Icinga-Powershell-Plugins: Questions to Invoke-IcingaCheckEventlog

stevie-sy · October 6, 2020, 5:48am

Hello at all,

During our implementation and tests with Icinga-PowerShell Plugins (Installation according to the instructions) we got the request to monitor also the Windows EventLog. So we configured the check “Invoke-IcingaCheckEventlog”.
We came up with the following problems, whereby we would like to ask you about your experience. Because we may have a mistake in thinking.

After installing the plugins and without using the switch “DisableTimeCache” the checks doesn’t work. Icinga throws every time a permission error for the cache directory. With this switch everything works fine. Maybe this was a result of our server setups and the set permissions from our server admins. .
What we also realized while using the switch “DisableTimeCache” was, that it really makes no sense using this. Let’s assume we have a check interval from 5 min. During this interval a program writes a message into the eventlog and the check throws warning/critical. After the next check interval the check is ok again, because in this interval there no new event was written into the log.
So checking the hole eventlog also makes no sense. Because therefore we have to know how many log entries are “normal”. Or our colleagues have to delete the event after fixing the problem. In this case it makes a log obsolete.
Trying the switch “After” improves the situation a little bit. With the Icinga-DSL (using var dt = DateTime() - 24 * 60 * 60; return dt.to_string() ) we can create a timestmap like now - 24h. But our office is closed on weekends and public holidays. So if there was a event written, we don’t get it via Icinga the next working day that something was there. Here we would first have to check the logs from all servers again or expand the time-range.
The next idea would be that icinga have to stop to check the eventlog if it’s getting critical. After fixing the problem we have to set the check manually to ok. But here is the problem, if there would be another event written.
Another possibility would be that every server bump the full eventlog from every server to our ELK stack. However, we see similar problems like written above if checking this log.
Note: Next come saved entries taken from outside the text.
lemma joined_word_perm: "set p \<subseteq> X \<Longrightarrow> joined X k (word_perm p k)"
proof (induction p)
  case (Cons c p)
  then show ?case
    using joined_trans joined_sigma by simp
qed (simp add: joined_def)

text \<open>A word in letters from \<open>X\<close> moves a point \<open>k\<close> only to points \<open>m\<close> with
  \<open>joined X k m\<close>, and as \<open>X\<close> and \<open>Y\<close> are disjoint no two distinct points are joined in
  both. Hence \<open>[p][q] k\<close> determines \<open>[q] k\<close>.\<close>

lemma word_perm_comp_unique:
  assumes "set p \<subseteq> X" "set p' \<subseteq> X" "set q \<subseteq> Y" "set q' \<subseteq> Y" "X \<inter> Y = {}"
    and eq: "word_perm p \<circ> word_perm q = word_perm p' \<circ> word_perm q'"
  shows "word_perm p = word_perm p'" and "word_perm q = word_perm q'"
proof -
  show q: "word_perm q = word_perm q'"
  proof
    fix k
    let ?m = "word_perm q k" and ?m' = "word_perm q' k"
    have "joined Y ?m ?m'"
      using joined_word_perm[of q Y k] joined_word_perm[of q' Y k] assms(3,4)
      by (metis joined_sym joined_trans)
    moreover have "joined X ?m ?m'"
      using joined_word_perm[of p X ?m] joined_word_perm[of p' X ?m'] assms(1,2) fun_cong[OF eq, of k]
      by (metis comp_apply joined_sym joined_trans)
    moreover have False if "?m \<noteq> ?m'" "joined Y ?m ?m'" "joined X ?m ?m'"
    proof -
      have "min ?m ?m' \<in> {min ?m ?m'..<max ?m ?m'}"
        using that(1) by auto
      then show False
        using that(2,3) assms(5) unfolding joined_def by blast
    qed
    ultimately show "?m = ?m'"
      by blast
  qed
  show "word_perm p = word_perm p'"
    using eq bij_is_surj[OF bij_word_perm[of q']] unfolding q
    by (metis comp_apply fun_eq_iff surjD)
qed

lemma reduced_word_append_disjoint:
  assumes "reduced_word n p" "reduced_word n q" "set p \<subseteq> X" "set q \<subseteq> Y" "X \<inter> Y = {}"
  shows "reduced_word n (p @ q)"
proof -
  have vp: "valid_word n p" and vq: "valid_word n q"
    using assms(1,2) by (simp_all add: reduced_word_def)
  then obtain r where r: "subseq r (p @ q)" "reduced_word n r" "word_perm r = word_perm (p @ q)"
    using reduced_subseq_exists[of n "p @ q"] by auto
  then obtain p1 q1 where pq: "r = p1 @ q1" "subseq p1 p" "subseq q1 q"
    by (auto elim: subseq_appendE)
  moreover have "set p1 \<subseteq> X" "set q1 \<subseteq> Y"
    using pq set_subseq assms(3,4) by blast+
  ultimately have "word_perm p1 = word_perm p" "word_perm q1 = word_perm q"
    using word_perm_comp_unique[of p1 X p q1 Y q] r(3) assms(3-5) by simp_all
  moreover have "perm_length n (word_perm p1) \<le> length p1" "perm_length n (word_perm q1) \<le> length q1"
    using pq vp vq valid_word_subseq perm_length_le by blast+
  ultimately have "length (p @ q) \<le> length r"
    using assms(1,2) pq(1) by (simp add: reduced_word_def)
  then show ?thesis
    using r perm_length_le[of n "p @ q"] vp vq by (simp add: reduced_word_def)
qed

lemma bruhat_ideal_comp_unique:
  assumes "valid_word n p" "valid_word n q" "set p \<subseteq> X" "set q \<subseteq> Y" "X \<inter> Y = {}"
    and "a \<in> bruhat_ideal n (word_perm p)" "a1 \<in> bruhat_ideal n (word_perm p)"
    and "b \<in> bruhat_ideal n (word_perm q)" "b1 \<in> bruhat_ideal n (word_perm q)"
    and "a \<circ> b = a1 \<circ> b1"
  shows "a = a1" and "b = b1"
proof -
  obtain r r1 where "set r \<subseteq> X" "word_perm r = a" "set r1 \<subseteq> X" "word_perm r1 = a1"
    using bruhat_ideal_reduced_word_exists[OF assms(1)] assms(3,6,7) by (metis order_trans)
  moreover obtain t t1 where "set t \<subseteq> Y" "word_perm t = b" "set t1 \<subseteq> Y" "word_perm t1 = b1"
    using bruhat_ideal_reduced_word_exists[OF assms(2)] assms(4,8,9) by (metis order_trans)
  ultimately show "a = a1" "b = b1"
    using word_perm_comp_unique[of r X r1 t Y t1] assms(5,10) by auto
qed

lemma bij_betw_comp_bruhat_ideal:
  assumes red: "reduced_word n (p @ q)" and "set p \<subseteq> X" "set q \<subseteq> Y" "X \<inter> Y = {}"
  shows "bij_betw (\<lambda>(a, b). a \<circ> b)
    (bruhat_ideal n (word_perm p) \<times> bruhat_ideal n (word_perm q)) (bruhat_ideal n (word_perm (p @ q)))"
proof -
  have "valid_word n p" "valid_word n q"
    using red by (simp_all add: reduced_word_def)
  then show ?thesis
    unfolding bij_betw_def bruhat_ideal_append[OF red]
    using bruhat_ideal_comp_unique assms(2-4) by (auto intro: inj_onI)
qed

lemma bruhat_le_comp_iff:
  assumes "valid_word n p" "valid_word n q" "set p \<subseteq> X" "set q \<subseteq> Y" "X \<inter> Y = {}"
    and ab: "a \<in> bruhat_ideal n (word_perm p)" "b \<in> bruhat_ideal n (word_perm q)"
    and ab': "a' \<in> bruhat_ideal n (word_perm p)" "b' \<in> bruhat_ideal n (word_perm q)"
  shows "bruhat_le n (a \<circ> b) (a' \<circ> b') \<longleftrightarrow> bruhat_le n a a' \<and> bruhat_le n b b'"
proof -
  obtain r where r: "reduced_word n r" "set r \<subseteq> X" "word_perm r = a'"
    using bruhat_ideal_reduced_word_exists[OF assms(1) ab'(1)] assms(3) by (metis order_trans)
  obtain t where t: "reduced_word n t" "set t \<subseteq> Y" "word_perm t = b'"
    using bruhat_ideal_reduced_word_exists[OF assms(2) ab'(2)] assms(4) by (metis order_trans)
  have red: "reduced_word n (r @ t)"
    using r t assms(5) by (intro reduced_word_append_disjoint)
  have ideals: "bruhat_ideal n a' \<subseteq> bruhat_ideal n (word_perm p)"
    "bruhat_ideal n b' \<subseteq> bruhat_ideal n (word_perm q)"
    using ab' bruhat_ideal_subset by blast+
  have perm: "a permutes {1..n}" "b permutes {1..n}"
    using ab unfolding bruhat_ideal_def by blast+
  then have "bruhat_le n (a \<circ> b) (a' \<circ> b') \<longleftrightarrow> a \<circ> b \<in> bruhat_ideal n (word_perm (r @ t))"
    using r(3) t(3) by (simp add: bruhat_ideal_def permutes_compose)
  also have "\<dots> \<longleftrightarrow> (\<exists>a1\<in>bruhat_ideal n a'. \<exists>b1\<in>bruhat_ideal n b'. a \<circ> b = a1 \<circ> b1)"
    unfolding bruhat_ideal_append[OF red] r(3) t(3) by fastforce
  also have "\<dots> \<longleftrightarrow> a \<in> bruhat_ideal n a' \<and> b \<in> bruhat_ideal n b'"
    using bruhat_ideal_comp_unique[OF assms(1-5) ab(1) _ ab(2)] ideals by blast
  also have "\<dots> \<longleftrightarrow> bruhat_le n a a' \<and> bruhat_le n b b'"
    using perm by (simp add: bruhat_ideal_def)
  finally show ?thesis .
qed

fun separable :: "nat set \<Rightarrow> nat set \<Rightarrow> nat list \<Rightarrow> bool" where
  "separable X Y [] \<longleftrightarrow> True"
| "separable X Y (c # t) \<longleftrightarrow>
     separable X Y t \<and> (c \<in> Y \<longrightarrow> (\<forall>x\<in>set t. x \<in> X \<longrightarrow> x \<noteq> Suc c \<and> c \<noteq> Suc x))"

lemma sigma_comp_commute:
  "a \<noteq> b \<Longrightarrow> a \<noteq> Suc b \<Longrightarrow> b \<noteq> Suc a \<Longrightarrow> sigma a \<circ> sigma b = sigma b \<circ> sigma a"
  by (simp add: fun_eq_iff sigma_def transpose_def)

lemma sigma_comp_word_perm_commute:
  assumes "\<forall>x\<in>set p. x \<noteq> c \<and> x \<noteq> Suc c \<and> c \<noteq> Suc x"
  shows "sigma c \<circ> word_perm p = word_perm p \<circ> sigma c"
  using assms
proof (induction p)
  case (Cons d p)
  have "sigma c \<circ> sigma d = sigma d \<circ> sigma c"
    using Cons.prems by (intro sigma_comp_commute) auto
  moreover have "sigma c \<circ> word_perm p = word_perm p \<circ> sigma c"
    using Cons.prems by (intro Cons.IH) simp
  ultimately show ?case
    unfolding word_perm_Cons by (metis comp_assoc)
qed simp

lemma word_perm_separable:
  assumes "separable X Y t" "set t \<subseteq> X \<union> Y" "X \<inter> Y = {}"
  shows "word_perm t = word_perm (filter (\<lambda>a. a \<in> X) t) \<circ> word_perm (filter (\<lambda>a. a \<in> Y) t)"
  using assms
proof (induction t)
  case (Cons c t)
  let ?tX = "filter (\<lambda>a. a \<in> X) t" and ?tY = "filter (\<lambda>a. a \<in> Y) t"
  have IH: "word_perm t = word_perm ?tX \<circ> word_perm ?tY"
    using Cons.prems by (intro Cons.IH) auto
  show ?case
  proof (cases "c \<in> X")
    case True
    then have filters: "filter (\<lambda>a. a \<in> X) (c # t) = c # ?tX" "filter (\<lambda>a. a \<in> Y) (c # t) = ?tY"
      using Cons.prems(3) by auto
    show ?thesis
      by (simp only: filters word_perm_Cons IH comp_assoc)
  next
    case False
    then have "c \<in> Y"
      using Cons.prems(2) by simp
    then have filters: "filter (\<lambda>a. a \<in> X) (c # t) = ?tX" "filter (\<lambda>a. a \<in> Y) (c # t) = c # ?tY"
      using False by auto
    have "sigma c \<circ> word_perm ?tX = word_perm ?tX \<circ> sigma c"
      using Cons.prems False \<open>c \<in> Y\<close> by (intro sigma_comp_word_perm_commute) auto
    then show ?thesis
      by (simp only: filters word_perm_Cons IH comp_assoc[symmetric])
  qed
qed simp

lemma separable_if_commuting:
  "\<forall>x\<in>X. \<forall>y\<in>Y. x \<noteq> Suc y \<and> y \<noteq> Suc x \<Longrightarrow> separable X Y t"
  by (induction t) auto

lemma separable_if_ordered:
  assumes "{(x, y). x \<in> X \<and> y \<in> Y \<and> (x = Suc y \<or> y = Suc x)} \<subseteq> {(x0, y0)}"
    and "\<forall>i j. i < length t \<longrightarrow> j < length t \<longrightarrow> t ! i = x0 \<longrightarrow> t ! j = y0 \<longrightarrow> i < j"
  shows "separable X Y t"
  using assms(2)
proof (induction t)
  case (Cons c t)
  have "separable X Y t"
    using Cons.prems by (intro Cons.IH) (metis Suc_less_eq length_Cons nth_Cons_Suc)
  moreover have "x \<noteq> Suc c \<and> c \<noteq> Suc x" if c: "c \<in> Y" and x: "x \<in> set t" "x \<in> X" for x
  proof (rule ccontr)
    assume "\<not> (x \<noteq> Suc c \<and> c \<noteq> Suc x)"
    then have "x = x0" "c = y0"
      using assms(1) c x(2) by blast+
    moreover obtain j where "j < length t" "t ! j = x"
      using x(1) by (metis in_set_conv_nth)
    ultimately show False
      using Cons.prems[rule_format, of "Suc j" 0] by simp
  qed
  ultimately show ?case
    by simp
qed simp

lemma reduced_word_filter_append:
  assumes "reduced_word n s" "separable X Y s" "set s \<subseteq> X \<union> Y" "X \<inter> Y = {}"
  shows "reduced_word n (filter (\<lambda>a. a \<in> X) s @ filter (\<lambda>a. a \<in> Y) s)"
    and "word_perm (filter (\<lambda>a. a \<in> X) s @ filter (\<lambda>a. a \<in> Y) s) = word_perm s"
proof -
  let ?sX = "filter (\<lambda>a. a \<in> X) s" and ?sY = "filter (\<lambda>a. a \<in> Y) s"
  show w: "word_perm (?sX @ ?sY) = word_perm s"
    using word_perm_separable[OF assms(2-4)] by (simp only: word_perm_append)
  have "?sY = filter (\<lambda>a. a \<notin> X) s"
    using assms(3,4) by (intro filter_cong) auto
  then have "length (?sX @ ?sY) = length s"
    using sum_length_filter_compl[of "\<lambda>a. a \<in> X" s] by simp
  moreover have "valid_word n (?sX @ ?sY)"
    using assms(1) valid_word_subseq[OF subseq_filter_left] by (simp add: reduced_word_def)
  ultimately show "reduced_word n (?sX @ ?sY)"
    using assms(1) w by (simp add: reduced_word_def)
qed

lemma rel_iso_inverse_exists:
  assumes "bij_betw g S T" "\<And>x y. x \<in> S \<Longrightarrow> y \<in> S \<Longrightarrow> R (g x) (g y) \<longleftrightarrow> Q x y"
  shows "\<exists>f. bij_betw f T S \<and> (\<forall>u\<in>T. \<forall>v\<in>T. R u v \<longleftrightarrow> Q (f u) (f v))"
proof (intro exI conjI ballI)
  show bij: "bij_betw (the_inv_into S g) T S"
    using assms(1) by (rule bij_betw_the_inv_into)
  fix u v
  assume uv: "u \<in> T" "v \<in> T"
  then have "the_inv_into S g u \<in> S" "the_inv_into S g v \<in> S"
    using bij_betwE[OF bij] by blast+
  moreover have "g (the_inv_into S g u) = u" "g (the_inv_into S g v) = v"
    using f_the_inv_into_f_bij_betw[OF assms(1)] uv by blast+
  ultimately show "R u v \<longleftrightarrow> Q (the_inv_into S g u) (the_inv_into S g v)"
    using assms(2) by metis
qed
So what do you think? What is your experience?

Thank you

stevie-sy · December 2, 2020, 6:47am

@cstein How about this? Because of helping in an other thread. Do you have here also some ideas/solutions/workarround? Would be very nice. Thank you

radioactive9 · December 2, 2020, 7:02am

We are using the below definition

apply Service "XXX-P_MS_SQLEvtLogID" {
    import "XXX-tmplService-MS-PS_EventLog"

    assign where "XXX-tmplHost-MS" in host.templates
    vars.IcingaCheckEventlog_Array_IncludeEventId = [
        "1101",
        "3201"
    ]
    vars.IcingaCheckEventlog_Int32_Verbosity = "2"
    vars.IcingaCheckEventlog_Object_Warning = "~:0"
    vars.IcingaCheckEventlog_String_LogName = "Application"
    vars.IcingaCheckEventlog_Switchparameter_DisableTimeCache = false

    import DirectorOverrideTemplate
}

The only issue we feel that is there is we may be missing some alerts when multiple same eventID is written at the same time. But not very sure as we can’t reproduce it.

Lets say 1101 and 3201 is written in same sample we have seen both eventID mentioned in the alert.

Now we don’t have a test case where 1101 is written in 1 sample and alerted - in the next sample we have 3201. Whether the event will update the description of 1101 and change it to 3201. Don’t know.

stevie-sy · December 2, 2020, 7:11am

Thanks for your example. I will add those parameters from your example that are missing to my service definition.Let’s see what happen

cstein · March 4, 2021, 4:01pm

Hello,

sorry for the late response! I’m sadly not getting any notifications when I’m mentioned in an issue

Basically the way to monitoring event logs with the PowerShell plugins have changed since the first release.

What we did so far:

If you add -Verbosity 1 now, you will be prompted with EventLog messages for warning/critical packages. If you go up to -Verbosity 2, you will receive a list of all messages included for an EventId
The last release of Icinga for Windows v1.4.0 added the support to use “5h” for the -After and -Before argument. This will allow you to check the last 5 hours for example, regardless of the last check execution
For the permission problem, you can simply run Test-IcingaAgent. You will then receive a result of certain tests for your installation. In case the cache file is not writeable, you will receive a command to execute to fix the permission error for the Icinga Agent service use

I hope this helps. If we can make different approaches/improvements, please feel free to share them with us.

stevie-sy · March 5, 2021, 6:37am

Thank you @cstein. I will test this also, if this is helping us.